Beata Vergine Maria della Vita

10 settembre

PATRONA DEGLI OSPEDALI DELLA CITTà E DELLA DIOCESI DI BOLOGNA

Madonna della vitaLa storia di un affresco fatto su di un muro, coperto e poi dimenticato, che riappare e miracolosamente darà lustro alla città di Bologna che ancora oggi lo celebra. 

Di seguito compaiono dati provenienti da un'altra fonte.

(* Write L(u) for the matrix of multiplication by u, L(u)^i_k = a^i_{jk} u^j, so that h is conserved
  iff L(u)^T Hess h(u) is symmetric, and h^(n+1) = <grad h, u o u>.  Differentiating the
  conservation law once and contracting it with u, Euler's identities for the homogeneous h turn
  the third derivatives into second ones, which yields the Hessian of h^(n+1) in closed form:
    d_q d_p h^(n+1) = (n + 1) (a^i_{qp} d_i h + L^i_p d_q d_i h).
  In L(u)^T Hess h^(n+1) the second summand gives a symmetric matrix, while the antisymmetric
  part of the first one is (n + 1) Delta_{krp}^s u^r d_s h.  That mixed partial derivatives
  commute (Schwarz) is derived from the mean value theorem applied to a second difference. *)

definition partially_differentiable :: "(real^'n::finite \<Rightarrow> real) \<Rightarrow> bool" where
  "partially_differentiable f \<longleftrightarrow>
     (\<forall>i u. ((\<lambda>t. f (u + t *\<^sub>R axis i 1)) has_real_derivative pd i f u) (at 0))"

lemma pd_eqI:
  "((\<lambda>t. f (u + t *\<^sub>R axis i 1)) has_real_derivative D) (at 0) \<Longrightarrow> pd i f u = D"
  unfolding pd_def by (rule DERIV_imp_deriv)

lemma partially_differentiableD:
  "partially_differentiable f \<Longrightarrow> ((\<lambda>t. f (u + t *\<^sub>R axis i 1)) has_real_derivative pd i f u) (at 0)"
  unfolding partially_differentiable_def by blast

lemma partially_differentiable_line_derivative:
  assumes "partially_differentiable f"
  shows "((\<lambda>t. f (u + t *\<^sub>R axis i 1)) has_real_derivative pd i f (u + t *\<^sub>R axis i 1)) (at t)"
proof -
  have "(\<lambda>s. f ((u + t *\<^sub>R axis i 1) + s *\<^sub>R axis i 1)) = (\<lambda>s. f (u + (s + t) *\<^sub>R axis i 1))"
    by (simp add: scaleR_add_left algebra_simps)
  then show ?thesis
    using partially_differentiableD[OF assms, of "u + t *\<^sub>R axis i 1" i]
      DERIV_shift[of "\<lambda>t. f (u + t *\<^sub>R axis i 1)" _ 0 t] by simp
qed

lemma pd_const [simp]: "pd i (\<lambda>u. c) u = 0"
  by (rule pd_eqI) simp

lemma partially_differentiable_const [simp]: "partially_differentiable (\<lambda>u. c)"
  unfolding partially_differentiable_def by simp

lemma coordinate_line_derivative:
  "((\<lambda>t. (u + t *\<^sub>R axis i 1) $ j) has_real_derivative (if i = j then 1 else 0)) (at 0)"
proof -
  have "(\<lambda>t. (u + t *\<^sub>R axis i 1) $ j) = (\<lambda>t. u $ j + t * (if i = j then 1 else 0))"
    by (auto simp: axis_def)
  then show ?thesis by (auto intro!: derivative_eq_intros)
qed

lemma pd_coordinate [simp]: "pd i (\<lambda>u. u $ j) u = (if i = j then 1 else 0)"
  using coordinate_line_derivative by (rule pd_eqI)

lemma partially_differentiable_coordinate [simp]: "partially_differentiable (\<lambda>u. u $ j)"
  unfolding partially_differentiable_def pd_coordinate using coordinate_line_derivative by blast

context
  fixes f g :: "real^'n::finite \<Rightarrow> real"
  assumes f: "partially_differentiable f" and g: "partially_differentiable g"
begin

lemma pd_add [simp]: "pd i (\<lambda>u. f u + g u) u = pd i f u + pd i g u"
  by (rule pd_eqI) (intro DERIV_add partially_differentiableD f g)

lemma partially_differentiable_add [simp]: "partially_differentiable (\<lambda>u. f u + g u)"
  unfolding partially_differentiable_def by (auto intro!: DERIV_add partially_differentiableD f g)

lemma pd_diff [simp]: "pd i (\<lambda>u. f u - g u) u = pd i f u - pd i g u"
  by (rule pd_eqI) (intro DERIV_diff partially_differentiableD f g)

lemma partially_differentiable_diff [simp]: "partially_differentiable (\<lambda>u. f u - g u)"
  unfolding partially_differentiable_def by (auto intro!: DERIV_diff partially_differentiableD f g)

lemma pd_mult [simp]: "pd i (\<lambda>u. f u * g u) u = f u * pd i g u + pd i f u * g u"
  by (rule pd_eqI)
    (use DERIV_mult'[OF partially_differentiableD[OF f] partially_differentiableD[OF g]] in simp)

lemma partially_differentiable_mult [simp]: "partially_differentiable (\<lambda>u. f u * g u)"
  unfolding partially_differentiable_def
  using DERIV_mult'[OF partially_differentiableD[OF f] partially_differentiableD[OF g]] by simp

Simone dei Crocefissi o Lippo di Dalmasio, Beata Vergine Maria della vita, fine XIV sec, patrona degli ospedali di Bologna

L’affresco cosiddetto della “Madonna della Vita” raffigura la Vergine seduta in trono, mentre accosta il viso alla guancia del Bambino. Tale impostazione sarebbe riconducibile al modello delle icone definite Glycophilousa (dal greco: colei che bacia dolcemente), caratterizzate da un atteggiamento di profonda tenerezza tra la madre e il figlio. Per le sue caratteristiche stilistiche l’opera è stata attribuita alla mano di Simone dei Crocifissi (documentato dal 1355 – 1399), allievo di Vitale da Bologna, o al nipote Lippo di Dalmasio, detto anche Lippo delle Madonne (documentato dal 1375 al 1410), due interpreti della pittura bolognese del Trecento particolarmente legati alla produzione di icone e polittici con soggetti di devozione mariana.

Video sul complesso monumentale di Santa Maria della Vita, museo della sanità di Bologna, che custodisce la celebre terracotta del compianto sul Cristo Morto realizzata da Niccolò dell’Arca e definito da Gabriele D’Annunzio “l’urlo di pietra”. (A cura di Graziano Campanini. Regia: Nicola Berti. Produzione: Mazzanti Media) 

santa maria della vita

Secondo la tradizione un’immagine di Madonna con Bambino era affrescata sul muro ad est, verso via Pescherie, nella prima chiesa fatta costruire nel 1286 dalla Compagnia di Santa Maria della Vita. Con la ricostruzione del 1502, l’affresco, non ritenuto di particolare interesse, fu coperto da uno strato di intonaco e se ne persero le tracce.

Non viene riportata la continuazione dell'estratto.